Monday, February 25, 2008

random quotes and notes

(Article taken from The Economist, sometime in Nov or Dec, 2007, dunno, I’ve since lost the article)
A prize for “ achievements in African leadership” worth $5M, plus $200,000 a year for life, to an African leader who “best provides security, health, education and economic development and who democratically transfers power to a successor.

“Two scholars… are helping Mr Ibrahim assess the nominees and measure countries’ performance – by such criteria as safety and security, rule of law and corruption, participation and human rights, economic opportunity and human development.”
--
The Index of Development, Poverty.
The world has many problems. Many of these problems could easily be solved with more effort from people from the developed world. However, people in the developed world don’t have incentives because they, like people anywhere, are selfish. They want something for their work. They want physical representation of their contribution to humanity - they want money.

What Mo Ibrahim has done, is put a price tag on successful development work.

A website needs to be developed to offer a system for people to earn rewards for their achievements in the development world. A financial incentive caters to the natural instinctive to be selfish and gets development done.

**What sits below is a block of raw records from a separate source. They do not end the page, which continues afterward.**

section \<open>Twisted commutators\<close>

locale central_scalars =
  fixes sc :: "'k::field \<Rightarrow> 'a::ring_1"
  assumes sc_add: "sc (x + y) = sc x + sc y"
    and sc_mult: "sc (x * y) = sc x * sc y"
    and sc_one: "sc 1 = 1"
    and sc_central: "sc x * p = p * sc x"
begin

lemma sc_zero: "sc 0 = 0"
  using sc_add[of 0 0] by simp

lemma sc_uminus: "sc (- x) = - sc x"
  using sc_add[of x "- x"] by (simp add: sc_zero eq_neg_iff_add_eq_0 add.commute)

lemma sc_diff: "sc (x - y) = sc x - sc y"
  using sc_add[of x "- y"] by (simp add: sc_uminus)

lemma sc_mult_left_commute: "p * (sc x * q) = sc x * (p * q)"
  by (metis sc_central mult.assoc)

definition qcomm :: "'k \<Rightarrow> 'a \<Rightarrow> int \<Rightarrow> 'a \<Rightarrow> 'a" where
  "qcomm w Y c p = p * Y - sc (w powi c) * Y * p"

primrec qcomm_iter :: "'k \<Rightarrow> 'a \<Rightarrow> int \<Rightarrow> nat \<Rightarrow> 'a \<Rightarrow> 'a" where
  "qcomm_iter w Y c 0 p = p"
| "qcomm_iter w Y c (Suc n) p = qcomm w Y (c + 2 * int n) (qcomm_iter w Y c n p)"

lemma qcomm_add: "qcomm w Y c (p + q) = qcomm w Y c p + qcomm w Y c q"
  by (simp add: qcomm_def algebra_simps)

lemma qcomm_0 [simp]: "qcomm w Y c 0 = 0"
  by (simp add: qcomm_def)

lemma qcomm_sc: "qcomm w Y c (sc k * p) = sc k * qcomm w Y c p"
proof -
  have "sc (w powi c) * Y * (sc k * p) = sc k * (sc (w powi c) * Y * p)"
    by (metis sc_central mult.assoc)
  then show ?thesis
    unfolding qcomm_def by (simp add: right_diff_distrib mult.assoc)
qed

lemma qcomm_mult:
  assumes "w \<noteq> 0"
  shows "qcomm w Y (c1 + c2) (p * z) = p * qcomm w Y c2 z + sc (w powi c2) * (qcomm w Y c1 p * z)"
proof -
  have "sc (w powi (c1 + c2)) = sc (w powi c2) * sc (w powi c1)"
    using assms by (simp add: power_int_add mult.commute flip: sc_mult)
  then have "sc (w powi (c1 + c2)) * Y * (p * z) = sc (w powi c2) * (sc (w powi c1) * Y * p * z)"
    by (simp add: mult.assoc)
  moreover have "p * (sc (w powi c2) * Y * z) = sc (w powi c2) * (p * Y * z)"
    by (metis sc_central mult.assoc)
  ultimately show ?thesis
    unfolding qcomm_def right_diff_distrib left_diff_distrib by (simp add: mult.assoc)
qed

lemma qcomm_iter_add: "qcomm_iter w Y c (n + m) p = qcomm_iter w Y (c + 2 * int n) m (qcomm_iter w Y c n p)"
  by (induction m) (auto simp: algebra_simps)

lemma qcomm_iter_0 [simp]: "qcomm_iter w Y c n 0 = 0"
  by (induction n) auto

lemma qcomm_iter_1:
  assumes "n \<ge> 1"
  shows "qcomm_iter w Y 0 n 1 = 0"
proof -
  obtain t where "n = 1 + t" using assms by (metis le_add_diff_inverse)
  moreover have "qcomm_iter w Y 0 1 1 = 0" by (simp add: qcomm_def sc_one)
  ultimately show ?thesis by (simp only: qcomm_iter_add qcomm_iter_0)
qed


lemma qcomm_sum_monomials:
  assumes "\<alpha> (Suc n) = 0"
  shows "qcomm w Y e (\<Sum>k\<le>n. sc (\<alpha> k) * (Y ^ k * p * Y ^ (n - k))) =
    (\<Sum>k\<le>Suc n. sc (case k of 0 \<Rightarrow> \<alpha> 0 | Suc l \<Rightarrow> \<alpha> (Suc l) - w powi e * \<alpha> l)
      * (Y ^ k * p * Y ^ (Suc n - k)))"
proof -
  define f where "f k = sc (\<alpha> k) * (Y ^ k * p * Y ^ (Suc n - k))" for k
  define g where "g k = sc (w powi e * \<alpha> k) * (Y ^ Suc k * p * Y ^ (n - k))" for k
  have right: "(\<Sum>k\<le>n. sc (\<alpha> k) * (Y ^ k * p * Y ^ (n - k))) * Y = (\<Sum>k\<le>n. f k)"
    unfolding sum_distrib_right f_def
    by (intro sum.cong refl) (simp add: mult.assoc Suc_diff_le flip: power_Suc2)
  have left: "sc (w powi e) * Y * (\<Sum>k\<le>n. sc (\<alpha> k) * (Y ^ k * p * Y ^ (n - k))) = (\<Sum>k\<le>n. g k)"
    unfolding sum_distrib_left
  proof (intro sum.cong refl)
    fix k
    have "Y * (sc (\<alpha> k) * (Y ^ k * p * Y ^ (n - k))) = sc (\<alpha> k) * (Y ^ Suc k * p * Y ^ (n - k))"
      by (simp add: sc_mult_left_commute mult.assoc)
    then show "sc (w powi e) * Y * (sc (\<alpha> k) * (Y ^ k * p * Y ^ (n - k))) = g k"
      by (simp add: g_def sc_mult mult.assoc)
  qed
  have "(\<Sum>k\<le>n. f k) = (\<Sum>k\<le>Suc n. f k)"
    using assms by (simp add: f_def sc_zero)
  also have "\<dots> = f 0 + (\<Sum>k\<le>n. f (Suc k))"
    by (rule sum.atMost_Suc_shift)
  finally have "(\<Sum>k\<le>n. f k) - (\<Sum>k\<le>n. g k) = f 0 + (\<Sum>k\<le>n. f (Suc k) - g k)"
    by (simp add: sum_subtractf)
  also have "\<dots> = (\<Sum>k\<le>Suc n. sc (case k of 0 \<Rightarrow> \<alpha> 0 | Suc l \<Rightarrow> \<alpha> (Suc l) - w powi e * \<alpha> l)
      * (Y ^ k * p * Y ^ (Suc n - k)))"
    unfolding sum.atMost_Suc_shift[where n = n] by (simp add: f_def g_def sc_diff left_diff_distrib)
  finally show ?thesis
    by (simp add: qcomm_def right left)
qed

lemma qcomm_iter_closed_form:
  assumes "w \<noteq> 0" and "\<And>k. k \<ge> 1 \<Longrightarrow> qnum w k \<noteq> 0"
  shows "qcomm_iter w Y c n p = (\<Sum>k\<le>n. sc (twisted_qbin w c n k) * (Y ^ k * p * Y ^ (n - k)))"
proof (induction n)
  case 0
  then show ?case by (simp add: sc_one)
next
  case (Suc n)
  have "(case k of 0 \<Rightarrow> twisted_qbin w c n 0
      | Suc l \<Rightarrow> twisted_qbin w c n (Suc l) - w powi (c + 2 * int n) * twisted_qbin w c n l)
      = twisted_qbin w c (Suc n) k" for k
    by (cases k) (simp_all add: twisted_qbin_Suc_Suc[OF assms])
  then show ?case
    by (simp add: Suc qcomm_sum_monomials twisted_qbin_eq_0)
qed

inductive_set prod_iter_span :: "'k \<Rightarrow> 'a \<Rightarrow> int \<Rightarrow> int \<Rightarrow> 'a \<Rightarrow> 'a \<Rightarrow> nat \<Rightarrow> 'a set"
  for w Y c1 c2 x z n where
  prod: "a + b = n \<Longrightarrow>
    sc k * (qcomm_iter w Y c1 a x * qcomm_iter w Y c2 b z) \<in> prod_iter_span w Y c1 c2 x z n"
| zero: "0 \<in> prod_iter_span w Y c1 c2 x z n"
| add: "s \<in> prod_iter_span w Y c1 c2 x z n \<Longrightarrow> t \<in> prod_iter_span w Y c1 c2 x z n \<Longrightarrow>
    s + t \<in> prod_iter_span w Y c1 c2 x z n"

lemma qcomm_prod_iter_span:
  assumes "w \<noteq> 0" and "s \<in> prod_iter_span w Y c1 c2 x z n"
  shows "qcomm w Y (c1 + c2 + 2 * int n) s \<in> prod_iter_span w Y c1 c2 x z (Suc n)"
  using assms(2)
proof induction
  case (prod a b k)
  have split: "c1 + c2 + 2 * int n = (c1 + 2 * int a) + (c2 + 2 * int b)"
    using prod by simp
  have "qcomm w Y (c1 + c2 + 2 * int n) (sc k * (qcomm_iter w Y c1 a x * qcomm_iter w Y c2 b z))
     = sc k * (qcomm_iter w Y c1 a x * qcomm_iter w Y c2 (Suc b) z)
       + sc (k * w powi (c2 + 2 * int b)) * (qcomm_iter w Y c1 (Suc a) x * qcomm_iter w Y c2 b z)"
    unfolding qcomm_sc split qcomm_mult[OF assms(1)] by (simp add: sc_mult algebra_simps)
  also have "\<dots> \<in> prod_iter_span w Y c1 c2 x z (Suc n)"
    using prod by (intro prod_iter_span.add prod_iter_span.prod) auto
  finally show ?case .
qed (auto simp: qcomm_add intro: prod_iter_span.intros)

lemma qcomm_iter_mult_mem_prod_iter_span:
  assumes "w \<noteq> 0"
  shows "qcomm_iter w Y (c1 + c2) n (x * z) \<in> prod_iter_span w Y c1 c2 x z n"
proof (induction n)
  case 0
  have "sc 1 * (qcomm_iter w Y c1 0 x * qcomm_iter w Y c2 0 z) \<in> prod_iter_span w Y c1 c2 x z 0"
    by (rule prod_iter_span.prod) simp
  then show ?case by (simp add: sc_one)
next
  case (Suc n)
  then show ?case
    using qcomm_prod_iter_span[OF assms Suc] by (simp add: algebra_simps)
qed

lemma prod_iter_span_subset:
  assumes "0 \<in> S" and "\<And>s t. s \<in> S \<Longrightarrow> t \<in> S \<Longrightarrow> s + t \<in> S"
    and "\<And>k s. s \<in> S \<Longrightarrow> sc k * s \<in> S"
    and "\<And>a b. a + b = n \<Longrightarrow> qcomm_iter w Y c1 a x * qcomm_iter w Y c2 b z \<in> S"
  shows "prod_iter_span w Y c1 c2 x z n \<subseteq> S"
proof
  fix s assume "s \<in> prod_iter_span w Y c1 c2 x z n"
  then show "s \<in> S" by induction (auto intro: assms)
qed

end

section \<open>Noncommutative power series over Q(q)\<close>

definition word_conv :: "'i ncp \<Rightarrow> 'i ncp \<Rightarrow> 'i ncp" where
  "word_conv p q = (\<lambda>w. \<Sum>k\<le>length w. p (take k w) * q (drop k w))"

lemma word_conv_assoc: "word_conv (word_conv p q) r = word_conv p (word_conv q r)"
proof
  fix w :: "'a list"
  define n where "n = length w"
  define g where "g l m = p (take l w) * q (take m (drop l w)) * r (drop (l + m) w)" for l m
  have "word_conv (word_conv p q) r w = (\<Sum>k\<le>n. \<Sum>l\<le>k. g l (k - l))"
    unfolding word_conv_def n_def g_def
    by (auto simp: sum_distrib_right min_def drop_take intro!: sum.cong)
  also have "\<dots> = (\<Sum>(l, m)\<in>{(l, m). l + m \<le> n}. g l m)"
    by (rule sum.triangle_reindex_eq[symmetric])
  also have "{(l, m). l + m \<le> n} = Sigma {..n} (\<lambda>l. {..n - l})"
    by auto
  also have "(\<Sum>(l, m)\<in>Sigma {..n} (\<lambda>l. {..n - l}). g l m) = (\<Sum>l\<le>n. \<Sum>m\<le>n - l. g l m)"
    by (rule sum.Sigma[symmetric]) auto
  also have "\<dots> = word_conv p (word_conv q r) w"
    unfolding word_conv_def n_def g_def
    by (auto simp: sum_distrib_left mult.assoc add.commute intro!: sum.cong)
  finally show "word_conv (word_conv p q) r w = word_conv p (word_conv q r) w" .
qed

lemma word_conv_mon_left: "word_conv (mon u) p = lmul_word u p"
proof
  fix w :: "'a list"
  have "word_conv (mon u) p w = (\<Sum>k\<le>length w. if k = length u then
      (if take (length u) w = u then p (drop (length u) w) else 0) else 0)"
    unfolding word_conv_def mon_def by (intro sum.cong) auto
  also have "\<dots> = lmul_word u p w"
    by (auto simp: lmul_word_def dest: arg_cong[of _ _ length])
  finally show "word_conv (mon u) p w = lmul_word u p w" .
qed

lemma word_conv_mon_right: "word_conv p (mon v) = rmul_word v p"
proof
  fix w :: "'a list"
  have "word_conv p (mon v) w = (\<Sum>k\<le>length w. if k = length w - length v then
      (if length v \<le> length w \<and> drop (length w - length v) w = v
       then p (take (length w - length v) w) else 0) else 0)"
    unfolding word_conv_def mon_def by (intro sum.cong) auto
  also have "\<dots> = rmul_word v p w"
    by (auto simp: rmul_word_def)
  finally show "word_conv p (mon v) w = rmul_word v p w" .
qed

lemma lmul_word_Nil: "lmul_word [] p = p"
  by (simp add: lmul_word_def)

lemma rmul_word_Nil: "rmul_word [] p = p"
  by (simp add: rmul_word_def)

typedef 'i nc_series = "UNIV :: 'i ncp set"
  morphisms ncs_coeff Abs_nc_series by simp

setup_lifting type_definition_nc_series

instantiation nc_series :: (type) ring_1
begin

lift_definition zero_nc_series :: "'i nc_series" is "\<lambda>_. 0" .
lift_definition one_nc_series :: "'i nc_series" is "mon []" .
lift_definition plus_nc_series :: "'i nc_series \<Rightarrow> 'i nc_series \<Rightarrow> 'i nc_series" is "\<lambda>p q w. p w + q w" .
lift_definition minus_nc_series :: "'i nc_series \<Rightarrow> 'i nc_series \<Rightarrow> 'i nc_series" is "\<lambda>p q w. p w - q w" .
lift_definition uminus_nc_series :: "'i nc_series \<Rightarrow> 'i nc_series" is "\<lambda>p w. - p w" .
lift_definition times_nc_series :: "'i nc_series \<Rightarrow> 'i nc_series \<Rightarrow> 'i nc_series" is word_conv .

instance
proof
  fix a b c :: "'i nc_series"
  show "a * b * c = a * (b * c)" by transfer (rule word_conv_assoc)
  show "a + b + c = a + (b + c)" by transfer (simp add: add.assoc)
  show "a + b = b + a" by transfer (simp add: add.commute)
  show "0 + a = a" by transfer simp
  show "- a + a = 0" by transfer simp
  show "a - b = a + - b" by transfer simp
  show "1 * a = a" by transfer (simp add: word_conv_mon_left lmul_word_Nil)
  show "a * 1 = a" by transfer (simp add: word_conv_mon_right rmul_word_Nil)
  show "(a + b) * c = a * c + b * c" by transfer (auto simp: word_conv_def distrib_right sum.distrib)
  show "a * (b + c) = a * b + a * c" by transfer (auto simp: word_conv_def distrib_left sum.distrib)
  show "(0::'i nc_series) \<noteq> 1" by transfer (auto simp: mon_def fun_eq_iff)
qed

end

definition ncs_const :: "Qq \<Rightarrow> 'i nc_series" where
  "ncs_const c = Abs_nc_series (\<lambda>w. if w = [] then c else 0)"

lemma ncs_coeff_const: "ncs_coeff (ncs_const c) = (\<lambda>w. if w = [] then c else 0)"
  by (simp add: ncs_const_def Abs_nc_series_inverse)

lift_definition ncs_word :: "'i list \<Rightarrow> 'i nc_series" is mon .

lemma ncs_coeff_sum: "ncs_coeff (\<Sum>x\<in>A. f x) = (\<Sum>x\<in>A. ncs_coeff (f x))"
  by (induction A rule: infinite_finite_induct) (auto simp: zero_nc_series.rep_eq plus_nc_series.rep_eq)

lemma ncs_coeff_const_mult: "ncs_coeff (ncs_const c * p) = smult_ncp c (ncs_coeff p)"
proof
  fix w :: "'a list"
  have "ncs_coeff (ncs_const c * p) w = (\<Sum>k\<le>length w. if k = 0 then c * ncs_coeff p w else 0)"
    unfolding times_nc_series.rep_eq word_conv_def ncs_coeff_const by (intro sum.cong) auto
  then show "ncs_coeff (ncs_const c * p) w = smult_ncp c (ncs_coeff p) w"
    by (simp add: smult_ncp_def)
qed

lemma ncs_coeff_mult_const: "ncs_coeff (p * ncs_const c) = smult_ncp c (ncs_coeff p)"
proof
  fix w :: "'a list"
  have "ncs_coeff (p * ncs_const c) w = (\<Sum>k\<le>length w. if k = length w then c * ncs_coeff p w else 0)"
    unfolding times_nc_series.rep_eq word_conv_def ncs_coeff_const
    by (intro sum.cong) (auto simp: mult.commute)
  then show "ncs_coeff (p * ncs_const c) w = smult_ncp c (ncs_coeff p) w"
    by (simp add: smult_ncp_def)
qed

Ibrahim rates his African leaders “by such criteria as safety and security, rule of law and corruption, participation and human rights, economic opportunity and human development.”

Let’s break down his criterion for judgment –
Safety and security – sounds like the military to me
Rule of law and corruption – that’d be the judicial system, governed by the administration
Participation and human rights – umm, natural court system? Okay, weak.
Economic opportunity – sounds like the Peace Corps? And other grassroots biz dev organizations
Human development – I don’t even know what this is?

There should be nice-looking financial incentives set by do-gooders through donations, for tax-credit, that award people’s effort in development work.

Individual’s, involved or uninvolved and informed, are free to make a case and offer money, open an account and begin the reward.

Possible ideas,
Index of Corruption,

A reward system to give money to people who open up the communication of their government. Rated on a system of variables, governments are annually rewarded by the developed world.

If governments were smart, they would take the rewards and invest them in the people who gave them money.

Indexing is the reverse of taxation. Instead of building a system that requires people to give money to a certain institution, ie - a government in power, have a system that people give money to, out of both benign investment and greed. The more greedy you are, the more you believe that person will make you money. Sometimes, even if you’re bad, it might pay off.